*Requirement*:
Each record that follows should be transcribed word for word.

*Information provided*:

lemma suminf_dyadic_collar_finite:
  assumes s: "0 < s" "s < 1/2"
    and gaps: "summable (\<lambda>k. 2 ^ k * gap l (Suc k) powr (1 - 2 * s))"
  shows "(\<Sum>n. ennreal (2 powr (2 * s * real n)) * emeasure lborel (collar (1 / 2 ^ n))) < \<infinity>"
proof -
  define w where "w n = 2 powr (2 * s * real n)" for n :: nat
  define C where "C = dyadic_sum_constant s"
  define B where "B n k = ennreal (2 ^ k * (w n * min (gap l (Suc k)) (2 / 2 ^ n)))" for n k
  have C: "0 \<le> C" unfolding C_def by (rule dyadic_sum_constant_nonneg[OF s])
  have per_n: "ennreal (w n) * emeasure lborel (collar (1 / 2 ^ n))
      \<le> ennreal (w n * min 2 (2 / 2 ^ n)) + (\<Sum>k. B n k)" for n
    unfolding B_def by (rule weighted_emeasure_dyadic_collar_le) (simp add: w_def)
  have A: "(\<Sum>n. ennreal (w n * min 2 (2 / 2 ^ n))) \<le> ennreal (C * 2 powr (1 - 2 * s))"
    unfolding w_def C_def by (rule suminf_dyadic_min_le[OF s]) simp
  have "(\<Sum>n. B n k) \<le> ennreal (C * (2 ^ k * gap l (Suc k) powr (1 - 2 * s)))" for k
  proof -
    have "(\<Sum>n. B n k) = ennreal (2 ^ k) * (\<Sum>n. ennreal (w n * min (gap l (Suc k)) (2 / 2 ^ n)))"
      by (simp add: B_def ennreal_mult' ennreal_suminf_cmult)
    also have "\<dots> \<le> ennreal (2 ^ k) * ennreal (C * gap l (Suc k) powr (1 - 2 * s))"
      unfolding w_def C_def by (intro mult_left_mono suminf_dyadic_min_le[OF s gap_Suc_pos]) simp
    also have "\<dots> = ennreal (C * (2 ^ k * gap l (Suc k) powr (1 - 2 * s)))"
      by (simp add: mult.left_commute flip: ennreal_mult')
    finally show ?thesis .
  qed
  then have "(\<Sum>n. \<Sum>k. B n k) \<le> (\<Sum>k. ennreal (C * (2 ^ k * gap l (Suc k) powr (1 - 2 * s))))"
    unfolding suminf_ennreal_commute[of B] by (rule suminf_le) auto
  also have "\<dots> = ennreal (\<Sum>k. C * (2 ^ k * gap l (Suc k) powr (1 - 2 * s)))"
    using C gaps by (intro suminf_ennreal2) auto
  finally have B: "(\<Sum>n. \<Sum>k. B n k)
      \<le> ennreal (\<Sum>k. C * (2 ^ k * gap l (Suc k) powr (1 - 2 * s)))" .
  have "(\<Sum>n. ennreal (w n) * emeasure lborel (collar (1 / 2 ^ n)))
      \<le> (\<Sum>n. ennreal (w n * min 2 (2 / 2 ^ n)) + (\<Sum>k. B n k))"
    by (intro suminf_le per_n) auto
  also have "\<dots> = (\<Sum>n. ennreal (w n * min 2 (2 / 2 ^ n))) + (\<Sum>n. \<Sum>k. B n k)"
    by (rule suminf_add[symmetric]) auto
  also have "\<dots> \<le> ennreal (C * 2 powr (1 - 2 * s))
      + ennreal (\<Sum>k. C * (2 ^ k * gap l (Suc k) powr (1 - 2 * s)))"
    by (rule add_mono[OF A B])
  also have "\<dots> < \<infinity>" by simp
  finally show ?thesis unfolding w_def .
qed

*Response to this exercise*:
lemma suminf_dyadic_collar_finite:
  assumes s: "0 < s" "s < 1/2"
    and gaps: "summable (\<lambda>k. 2 ^ k * gap l (Suc k) powr (1 - 2 * s))"
  shows "(\<Sum>n. ennreal (2 powr (2 * s * real n)) * emeasure lborel (collar (1 / 2 ^ n))) < \<infinity>"
proof -
  define w where "w n = 2 powr (2 * s * real n)" for n :: nat
  define C where "C = dyadic_sum_constant s"
  define B where "B n k = ennreal (2 ^ k * (w n * min (gap l (Suc k)) (2 / 2 ^ n)))" for n k
  have C: "0 \<le> C" unfolding C_def by (rule dyadic_sum_constant_nonneg[OF s])
  have per_n: "ennreal (w n) * emeasure lborel (collar (1 / 2 ^ n))
      \<le> ennreal (w n * min 2 (2 / 2 ^ n)) + (\<Sum>k. B n k)" for n
    unfolding B_def by (rule weighted_emeasure_dyadic_collar_le) (simp add: w_def)
  have A: "(\<Sum>n. ennreal (w n * min 2 (2 / 2 ^ n))) \<le> ennreal (C * 2 powr (1 - 2 * s))"
    unfolding w_def C_def by (rule suminf_dyadic_min_le[OF s]) simp
  have "(\<Sum>n. B n k) \<le> ennreal (C * (2 ^ k * gap l (Suc k) powr (1 - 2 * s)))" for k
  proof -
    have "(\<Sum>n. B n k) = ennreal (2 ^ k) * (\<Sum>n. ennreal (w n * min (gap l (Suc k)) (2 / 2 ^ n)))"
      by (simp add: B_def ennreal_mult' ennreal_suminf_cmult)
    also have "\<dots> \<le> ennreal (2 ^ k) * ennreal (C * gap l (Suc k) powr (1 - 2 * s))"
      unfolding w_def C_def by (intro mult_left_mono suminf_dyadic_min_le[OF s gap_Suc_pos]) simp
    also have "\<dots> = ennreal (C * (2 ^ k * gap l (Suc k) powr (1 - 2 * s)))"
      by (simp add: mult.left_commute flip: ennreal_mult')
    finally show ?thesis .
  qed
  then have "(\<Sum>n. \<Sum>k. B n k) \<le> (\<Sum>k. ennreal (C * (2 ^ k * gap l (Suc k) powr (1 - 2 * s))))"
    unfolding suminf_ennreal_commute[of B] by (rule suminf_le) auto
  also have "\<dots> = ennreal (\<Sum>k. C * (2 ^ k * gap l (Suc k) powr (1 - 2 * s)))"
    using C gaps by (intro suminf_ennreal2) auto
  finally have B: "(\<Sum>n. \<Sum>k. B n k)
      \<le> ennreal (\<Sum>k. C * (2 ^ k * gap l (Suc k) powr (1 - 2 * s)))" .
  have "(\<Sum>n. ennreal (w n) * emeasure lborel (collar (1 / 2 ^ n)))
      \<le> (\<Sum>n. ennreal (w n * min 2 (2 / 2 ^ n)) + (\<Sum>k. B n k))"
    by (intro suminf_le per_n) auto
  also have "\<dots> = (\<Sum>n. ennreal (w n * min 2 (2 / 2 ^ n))) + (\<Sum>n. \<Sum>k. B n k)"
    by (rule suminf_add[symmetric]) auto
  also have "\<dots> \<le> ennreal (C * 2 powr (1 - 2 * s))
      + ennreal (\<Sum>k. C * (2 ^ k * gap l (Suc k) powr (1 - 2 * s)))"
    by (rule add_mono[OF A B])
  also have "\<dots> < \<infinity>" by simp
  finally show ?thesis unfolding w_def .
qed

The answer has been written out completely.